Janey Says: When Fate Steps In

As we all know, and I’ve discovered over the last few months, the best-laid plans inevitably alter, turning planning and organising into a waste of time.

These last weeks have been a classic case of the turmoil that seems to follow me should I attempt anything as radical as selling a house.

On being diagnosed with MS I was advised to review my life, making it simpler.  My mind is unable to cope with stress, leaving me so tired.. although I was determined to ignore this and carry on as usual.

But I felt sensibility was probably the right route to go, and for this reason, I decided to make the huge decision to sell my Sussex house, and simplify my life.

Too big, horribly expensive to run,  kids rarely coming down etc.  I thought to relocate to one smaller place made sense.

Selling a much-loved family home is never easy, though, especially when one of your adored children is massively anti.   Binks loves the house.  I bought it to recreate our family home, after much trauma at a time when she was least able to deal with it. For her, it’s a place of safety where she can escape, and become a child again, even for a short time.

Too big, horribly expensive to run,  kids rarely coming down etc.  I thought to relocate to one smaller place made sense.

I told her keeping it was a massive indulgence, and that now it was her turn to be the grown up and see things sensibly.  Terribly harsh words from me…I shocked myself – and felt big guilt.

It was a difficult decision.  Furnished with many pieces from my own childhood home – my fathers huge winged armchair, grandfather clocks, pictures and various familial memorabilia. I worried endlessly about how I would part with them,  and the pain it would cause.

There was no way in London I would find a flat large enough to get it all in.  The kids couldn’t take it yet – and the thought of sending it all to auction broke my heart.

Cutting to the chase – the decision was made.  The house was listed, sold and the house contracts were due to exchange at 5 pm on a Friday afternoon two weeks ago.

One hitch though. The intended purchaser had been delaying for weeks now, coming up with new excuses as to why he couldn’t proceed immediately.

At 3pm that same day, my eldest daughter – who rarely came to the house before she had her baby son, had a serious talk with me.  As she watched him crawl up the garden, stopping only for a quick tug of the trees and a bit of grass sampling, she begged me not to sell.

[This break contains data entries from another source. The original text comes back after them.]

(* Let $n\in\mathbb{N}$ be even and let $\mathbf{s}=(s_0,\ldots,s_n)\subset[0,\infty)$ be strictly positive on $(0,\infty)$. Let $K=\left\lceil\frac{n+1}{2}\right\rceil$ and let $\mathcal{M}^{\min}_\infty(\mathbf{s})$ be the set of $\mu\in\mathcal{M}_\infty(\mathbf{s})$ with $\#\mathrm{supp}\,\mu=K$. Then the map $\Phi:\mathcal{M}^{\min}_\infty(\mathbf{s})\to(t_\infty(\mathbf{s}),\infty)$, $\Phi(\mu)=\int_{(0,\infty)}\frac1t\,d\mu(t)$, is a well-defined bijection. Moreover, for $s_{-1}\in(t_\infty(\mathbf{s}),\infty)$ the atoms of $\Phi^{-1}(s_{-1})$ are the roots of $Q(t)=\det\begin{bmatrix}s_{-1}&s_0&\cdots&s_{K-2}&1\\ s_0&s_1&\cdots&s_{K-1}&t\\ \vdots&&&&\vdots\\ s_{K-1}&s_K&\cdots&s_{2K-2}&t^K\end{bmatrix}$.
   Context: For $a<b$, $\mathbf{s}$ is strictly positive on $[a,b]$ if the functional $\sigma(x^k)=s_k$ is $\ge0$ on real polynomials of degree $\le n$ nonnegative on $[a,b]$ and $>0$ on such polynomials not identically zero; strictly positive on $(0,\infty)$ means on some $[a,b]\subset(0,\infty)$. $\mathcal{M}_{a,b}(\mathbf{s})$: positive Borel measures on $[a,b]$ with $k$-th moments $s_k$; $\mathcal{M}_\infty(\mathbf{s})$: positive Borel measures on $(0,\infty)$ supported in a compact subinterval of $(0,\infty)$ with $k$-th moments $s_k$, $k\le n$. $t_{a,b}(\mathbf{s})=\inf\{\int\frac1t\,d\mu:\mu\in\mathcal{M}_{a,b}(\mathbf{s})\}$ ($\inf\varnothing=\infty$), $t_\infty(\mathbf{s})=\inf_{0<a<b}t_{a,b}(\mathbf{s})$. *)

theory Defs
  imports "HOL-Analysis.Analysis" "HOL-Computational_Algebra.Polynomial"
    "Jordan_Normal_Form.Determinant"
begin

definition mom_functional :: "nat \<Rightarrow> (nat \<Rightarrow> real) \<Rightarrow> real poly \<Rightarrow> real" where
  "mom_functional n s p = (\<Sum>k\<le>n. coeff p k * s k)"

definition strictly_pos_on :: "nat \<Rightarrow> (nat \<Rightarrow> real) \<Rightarrow> real \<Rightarrow> real \<Rightarrow> bool" where
  "strictly_pos_on n s a b \<longleftrightarrow> a < b \<and>
     (\<forall>p::real poly. degree p \<le> n \<and> (\<forall>x\<in>{a..b}. poly p x \<ge> 0) \<longrightarrow>
        mom_functional n s p \<ge> 0 \<and> (p \<noteq> 0 \<longrightarrow> mom_functional n s p > 0))"

definition strictly_pos_infty :: "nat \<Rightarrow> (nat \<Rightarrow> real) \<Rightarrow> bool" where
  "strictly_pos_infty n s \<longleftrightarrow> (\<exists>a b. 0 < a \<and> strictly_pos_on n s a b)"

text \<open>M_{a,b}(s): positive Borel measures on [a,b] (represented as Borel measures on the
  real line vanishing outside [a,b]) with k-th moments s_k, k \<le> n.\<close>
definition M_ab :: "nat \<Rightarrow> (nat \<Rightarrow> real) \<Rightarrow> real \<Rightarrow> real \<Rightarrow> real measure set" where
  "M_ab n s a b = {\<mu>. sets \<mu> = sets borel \<and> emeasure \<mu> (- {a..b}) = 0 \<and>
      (\<forall>k\<le>n. integrable \<mu> (\<lambda>t. t ^ k) \<and> (\<integral>t. t ^ k \<partial>\<mu>) = s k)}"

definition M_infty :: "nat \<Rightarrow> (nat \<Rightarrow> real) \<Rightarrow> real measure set" where
  "M_infty n s = (\<Union>a\<in>{0<..}. \<Union>b\<in>{a<..}. M_ab n s a b)"

definition t_ab :: "nat \<Rightarrow> (nat \<Rightarrow> real) \<Rightarrow> real \<Rightarrow> real \<Rightarrow> ereal" where
  "t_ab n s a b = (INF \<mu>\<in>M_ab n s a b. ereal (\<integral>t. 1 / t \<partial>\<mu>))"

definition t_infty :: "nat \<Rightarrow> (nat \<Rightarrow> real) \<Rightarrow> ereal" where
  "t_infty n s = (INF a\<in>{0<..}. INF b\<in>{a<..}. t_ab n s a b)"

definition msupp :: "real measure \<Rightarrow> real set" where
  "msupp \<mu> = {x. \<forall>e>0. emeasure \<mu> (ball x e) > 0}"

definition Q_det :: "nat \<Rightarrow> (nat \<Rightarrow> real) \<Rightarrow> real \<Rightarrow> real \<Rightarrow> real" where
  "Q_det K s sm1 t = Determinant.det (Matrix.mat (K + 1) (K + 1)
     (\<lambda>(i, j). if j = K then t ^ i
               else if i + j = 0 then sm1 else s (i + j - 1)))"

end

(*
  For a measure \<mu> on [a, b] \<subseteq> (0, \<infinity>) with moments s, the sequence (\<integral> 1/t d\<mu>, s\<^sub>0, ..., s\<^sub>n)
  is the moment sequence of d\<mu>(t)/t, so its Hankel form is positive definite. Conversely, let
  x be such that the Hankel form of c = (x, s\<^sub>0, ..., s\<^sub>n) is positive definite and let L be the
  functional with moments c. Expanding Q along its last column shows that Q is L-orthogonal
  to all polynomials of degree < K; writing Q times the linear factors at its real roots as
  a sum of two squares shows that Q has K distinct real roots. Gauss quadrature at these
  roots, with positive weights \<lambda>\<^sub>y, is exact for L up to degree 2K - 1. Hence the measure
  with mass y \<lambda>\<^sub>y at each root y has moments s and \<integral> 1/t = x, its atoms are positive by
  strict positivity of s, and every K-atomic measure with these data must be this one.
  Positive definiteness is monotone and open in x, so it holds exactly for x > t\<^sub>\<infinity>(s).
*)
theory Submission
  imports Defs "HOL-Computational_Algebra.Fundamental_Theorem_Algebra"
begin

lemma poly_map_of_real_add:
  "poly (map_poly complex_of_real (p + q)) z =
     poly (map_poly complex_of_real p) z + poly (map_poly complex_of_real q) z"
  by (induction p q rule: poly_induct2) (auto simp: map_poly_pCons algebra_simps)

lemma poly_map_of_real_mult:
  "poly (map_poly complex_of_real (p * q)) z =
     poly (map_poly complex_of_real p) z * poly (map_poly complex_of_real q) z"
proof (induction p)
  case (pCons a p)
  have "poly (map_poly complex_of_real (Polynomial.smult a q)) z = of_real a * poly (map_poly of_real q) z"
    by (induction q) (auto simp: map_poly_pCons algebra_simps)
  with pCons show ?case
    by (simp add: poly_map_of_real_add map_poly_pCons algebra_simps)
qed simp

lemma poly_map_of_real_of_real:
  "poly (map_poly complex_of_real p) (of_real x) = of_real (poly p x)"
  by (induction p) (auto simp: map_poly_pCons)

lemma real_poly_eq_0_if_nonreal_root:
  fixes r :: "real poly"
  assumes "degree r < 2" "poly (map_poly complex_of_real r) z = 0" "Im z \<noteq> 0"
  shows "r = 0"
proof -
  have "r = [:coeff r 0, coeff r 1:]"
    using assms(1) by (intro poly_eqI) (auto simp: coeff_pCons split: nat.split intro!: coeff_eq_0)
  then obtain a b where r: "r = [:a, b:]"
    by blast
  then have "of_real a + of_real b * z = 0"
    using assms(2) by (simp add: map_poly_pCons mult.commute)
  then have "a = 0" "b = 0"
    using assms(3) by (auto simp: complex_eq_iff)
  then show ?thesis
    using r by simp
qed

lemma real_poly_quadratic_factor:
  fixes f :: "real poly"
  assumes "0 < degree f" and no_root: "\<And>x. poly f x \<noteq> 0"
  obtains \<alpha> \<beta> q where "\<beta> \<noteq> 0" "f = ([:-\<alpha>, 1:]^2 + [:\<beta>:]^2) * q"
proof -
  have "\<not> constant (poly (map_poly complex_of_real f))"
    using assms(1) by (simp add: constant_degree degree_map_poly)
  then obtain z where z: "poly (map_poly complex_of_real f) z = 0"
    using fundamental_theorem_of_algebra by blast
  have "Im z \<noteq> 0"
    using z no_root[of "Re z"] poly_map_of_real_of_real[of f "Re z"] complex_is_Real_iff by force
  define D where "D = [:-Re z, 1:]^2 + [:Im z:]^2"
  have D_z: "poly (map_poly complex_of_real D) z = 0"
    by (simp add: D_def map_poly_pCons complex_eq_iff power2_eq_square algebra_simps)
  have deg_D: "degree D = 2"
    by (simp add: D_def power2_eq_square)
  then have "D \<noteq> 0"
    by auto
  have "degree (f mod D) < 2"
    using degree_mod_less'[OF \<open>D \<noteq> 0\<close>, of f] deg_D by (cases "f mod D = 0") auto
  moreover have "poly (map_poly complex_of_real (f mod D)) z = 0"
    using z D_z poly_map_of_real_add[of "D * (f div D)" "f mod D" z]
      poly_map_of_real_mult[of D "f div D" z] by simp
  ultimately have "f mod D = 0"
    using \<open>Im z \<noteq> 0\<close> by (rule real_poly_eq_0_if_nonreal_root)
  then have "f = D * (f div D)"
    by (simp add: mod_0_imp_dvd dvd_mult_div_cancel)
  with \<open>Im z \<noteq> 0\<close> show ?thesis
    using that unfolding D_def by blast
qed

Seeing with new eyes just how fabulous an old place it is – she had realised how important it would be for us all.  Creating memories, with family holidays, weekends barbecuing by the sea – and endless cake making in granny’s kitchen – she had a new respect and understanding.

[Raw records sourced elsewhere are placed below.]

(* There is a constant $c>0$ such that the following holds. Let $f:\mathbb{N}\to\mathbb{R}_{\ge 0}$ and suppose a comparison-based predecessor search algorithm on a sorted array $A$ of size $n$ has the property that, for every sequence of predecessor searches $x_1,\dots,x_m$ and every $y\in A$, the amortized number of comparisons involving $y$ caused by search $x_i$ is at most $f(d(x_i,y))$ (i.e., the total number of comparisons involving $y$ over the sequence is, up to an additive term independent of $m$, at most $\sum_{i=1}^m f(d(x_i,y))$). Then $\sum_{k=1}^{p} f(k)\ge c\log p$ for all $p\le n$.
   Context: A predecessor search with query $x$ in a sorted array $A=A[0],\dots,A[n-1]$ returns the index of the largest element of $A$ smaller than $x$. For a query $x$ and $y\in A$, $d(x,y)$ denotes the number of elements of $A$ between $x$ and $y$ in $A$, inclusive. An element participates in a comparison if it is one of the two elements compared. *)

theory Defs
  imports Complex_Main
begin

text \<open>Model of a deterministic comparison-based predecessor search algorithm on a
sorted array A (a real list).
The decision tree used for the current search may depend arbitrarily on the
history (answers and comparison transcripts) of all previous searches, which
models self-adjusting / amortized data structures.\<close>

datatype cmp = LT | EQ | GT

datatype dtree = Ans "nat option" | Cmp nat dtree dtree dtree

fun run :: "real list \<Rightarrow> dtree \<Rightarrow> real \<Rightarrow> nat option \<times> (nat \<times> cmp) list" where
  "run A (Ans r) x = (r, [])"
| "run A (Cmp j l e g) x =
     (if x < A ! j then (case run A l x of (r, t) \<Rightarrow> (r, (j, LT) # t))
      else if x = A ! j then (case run A e x of (r, t) \<Rightarrow> (r, (j, EQ) # t))
      else (case run A g x of (r, t) \<Rightarrow> (r, (j, GT) # t)))"

type_synonym history = "(nat option \<times> (nat \<times> cmp) list) list"
type_synonym algorithm = "history \<Rightarrow> dtree"

fun exec :: "algorithm \<Rightarrow> real list \<Rightarrow> history \<Rightarrow> real list \<Rightarrow> history" where
  "exec alg A h [] = h"
| "exec alg A h (x # xs) = exec alg A (h @ [run A (alg h) x]) xs"

definition searches :: "algorithm \<Rightarrow> real list \<Rightarrow> real list \<Rightarrow> history" where
  "searches alg A xs = exec alg A [] xs"

definition pred_idx :: "real list \<Rightarrow> real \<Rightarrow> nat option" where
  "pred_idx A x = (if \<exists>i<length A. A ! i < x
                   then Some (GREATEST i. i < length A \<and> A ! i < x) else None)"

definition valid_pred_alg :: "algorithm \<Rightarrow> real list \<Rightarrow> bool" where
  "valid_pred_alg alg A \<longleftrightarrow>
     (\<forall>xs. \<forall>i<length xs.
        fst (searches alg A xs ! i) = pred_idx A (xs ! i) \<and>
        (\<forall>jc\<in>set (snd (searches alg A xs ! i)). fst jc < length A))"

definition comps_with :: "algorithm \<Rightarrow> real list \<Rightarrow> real list \<Rightarrow> nat \<Rightarrow> nat" where
  "comps_with alg A xs k =
     (\<Sum>s\<leftarrow>searches alg A xs. length (filter (\<lambda>jc. fst jc = k) (snd s)))"

definition arr_dist :: "real list \<Rightarrow> real \<Rightarrow> nat \<Rightarrow> nat" where
  "arr_dist A x k = card {i. i < length A \<and> min x (A ! k) \<le> A ! i \<and> A ! i \<le> max x (A ! k)}"

end

theory Submission
  imports Defs
begin

text \<open>Adversary argument. Whatever the history, the next decision tree must give the queries
  A!0, ..., A!(p-1) pairwise distinct answers, so one of them costs at least log_3 p
  comparisons with A!0, ..., A!(p-1). Asking m such queries in a row therefore forces
  m log_3 p comparisons with these p elements, while the hypothesis bounds their number by
  p C + 2 m (f 1 + ... + f p), because a query A!j with j < p is at distance d from at most
  two of them. Letting m grow gives log_3 p \<le> 2 (f 1 + ... + f p).\<close>

lemma sorted_wrt_less_nth_less_iff:
  fixes A :: "'a::linorder list"
  assumes "sorted_wrt (<) A" "i < length A" "j < length A"
  shows "A ! i < A ! j \<longleftrightarrow> i < j"
  using assms sorted_wrt_nth_less[OF assms(1)]
  by (metis less_asym linorder_neqE_nat)

lemma sorted_wrt_less_nth_le_iff:
  fixes A :: "'a::linorder list"
  assumes "sorted_wrt (<) A" "i < length A" "j < length A"
  shows "A ! i \<le> A ! j \<longleftrightarrow> i \<le> j"
  using sorted_wrt_less_nth_less_iff[OF assms(1) assms(3,2)] by (simp add: not_less[symmetric])

lemma pred_idx_nth:
  assumes "sorted_wrt (<) A" "i < length A"
  shows "pred_idx A (A ! i) = (if i = 0 then None else Some (i - 1))"
proof -
  note less_iff = sorted_wrt_less_nth_less_iff[OF assms(1) _ assms(2)]
  have "(\<exists>j<length A. A ! j < A ! i) \<longleftrightarrow> 0 < i"
    using less_iff assms(2) by (metis gr_zeroI less_nat_zero_code order.strict_trans)
  moreover have "(GREATEST j. j < length A \<and> A ! j < A ! i) = i - 1" if "0 < i"
    by (rule Greatest_equality) (use less_iff that assms(2) in auto)
  ultimately show ?thesis
    unfolding pred_idx_def by auto
qed

lemma arr_dist_nth:
  assumes "sorted_wrt (<) A" "j < length A" "k < length A"
  shows "arr_dist A (A ! j) k = (if j \<le> k then k - j + 1 else j - k + 1)"
proof -
  note le_iff = sorted_wrt_less_nth_le_iff[OF assms(1)]
  have "{i. i < length A \<and> A ! a \<le> A ! i \<and> A ! i \<le> A ! b} = {a..b}"
    if "a < length A" "b < length A" for a b
    using le_iff that by auto
  then show ?thesis
    unfolding arr_dist_def using le_iff[OF assms(2,3)] le_iff[OF assms(3,2)] assms(2,3)
    by (cases "j \<le> k") (simp_all add: min_def max_def)
qed

lemma sum_arr_dist_nth_le:
  fixes f :: "nat \<Rightarrow> real"
  assumes "sorted_wrt (<) A" "p \<le> length A" "j < p" "\<forall>k. f k \<ge> 0"
  shows "(\<Sum>k<p. f (arr_dist A (A ! j) k)) \<le> 2 * (\<Sum>k=1..p. f k)"
proof -
  have dist: "arr_dist A (A ! j) k = (if j \<le> k then k - j + 1 else j - k + 1)" if "k < p" for k
    using arr_dist_nth[OF assms(1)] assms(2,3) that by simp
  have "(\<Sum>k<p. f (arr_dist A (A ! j) k))
      = (\<Sum>k<j. f (j - k + 1)) + (\<Sum>k\<in>{j..<p}. f (k - j + 1))"
  proof -
    have "(\<Sum>k<p. f (arr_dist A (A ! j) k))
        = (\<Sum>k<j. f (arr_dist A (A ! j) k)) + (\<Sum>k\<in>{j..<p}. f (arr_dist A (A ! j) k))"
      using sum.atLeastLessThan_concat[of 0 j p, symmetric] assms(3) by (simp add: atLeast0LessThan)
    then show ?thesis
      using dist assms(3) by simp
  qed
  also have "(\<Sum>k<j. f (j - k + 1)) = sum f ((\<lambda>k. j - k + 1) ` {..<j})"
    by (subst sum.reindex) (auto simp: inj_on_def)
  also have "\<dots> \<le> (\<Sum>k=1..p. f k)"
    by (rule sum_mono2) (use assms(3,4) in auto)
  also have "(\<Sum>k\<in>{j..<p}. f (k - j + 1)) = sum f ((\<lambda>k. k - j + 1) ` {j..<p})"
    by (subst sum.reindex) (auto simp: inj_on_def)
  also have "\<dots> \<le> (\<Sum>k=1..p. f k)"
    by (rule sum_mono2) (use assms(3,4) in auto)
  finally show ?thesis by simp
qed
lemma t1_one_mat:
  assumes tr: "t + r \<le> N"
  shows "t1 N t r (w, 1\<^sub>m N) = (if t + r < N
    then [subv w t (t + r) \<bullet>c subv w t (t + r), subv w (t + r) N \<bullet>c subv w (t + r) N]
    else [subv w t (t + r) \<bullet>c subv w t (t + r)])"
proof -
  let ?m = "t + r"
  have "subm (1\<^sub>m N) t ?m t ?m = 1\<^sub>m r" "subm (1\<^sub>m N) ?m N ?m N = 1\<^sub>m (N - ?m)"
    "subm (1\<^sub>m N) t ?m ?m N = 0\<^sub>m r (N - ?m)" "subm (1\<^sub>m N) ?m N t ?m = 0\<^sub>m (N - ?m) r"
    using tr by (auto intro!: eq_matI)
  moreover have "subv w t ?m - 0\<^sub>m r (N - ?m) *\<^sub>v (1\<^sub>m (N - ?m) *\<^sub>v subv w ?m N) = subv w t ?m"
    by (intro eq_vecI) (auto simp: scalar_prod_def)
  moreover have "1\<^sub>m r - 0\<^sub>m r (N - ?m) * 1\<^sub>m (N - ?m) * 0\<^sub>m (N - ?m) r = (1\<^sub>m r :: complex mat)"
    by (intro eq_matI) (auto simp: scalar_prod_def)
  moreover have "qform (subv w t ?m) (1\<^sub>m r) (subv w t ?m) = subv w t ?m \<bullet>c subv w t ?m"
    "qform (subv w ?m N) (1\<^sub>m (N - ?m)) (subv w ?m N) = subv w ?m N \<bullet>c subv w ?m N"
    using qform_one[of "subv w t ?m" r] qform_one[of "subv w ?m N" "N - ?m"] by simp_all
  ultimately show ?thesis
    unfolding t1_def Let_def prod.case by simp
qed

Never had I thought to hear that request from her – it just shows how children can make you aware of what you need pretty quickly.  That ‘ lovely central flat in Fulham’  loses some of its charms when an 11-month-old boy needs space to explore.

I had two hours to make a decision on something that would seriously affect the rest of our lives.  

Binks looked sadly at me, and told her sister: ‘it’s too late – I’ve asked her a million times.. she’s made her mind up.’

And that was the case, but I was almost inured to her feelings as I knew them too well and had heard them so often.

In lightbulb moment I decided that I would leave this major decision to fate!  Not sensible for the majority I know – but for me, at that time – it made perfect sense.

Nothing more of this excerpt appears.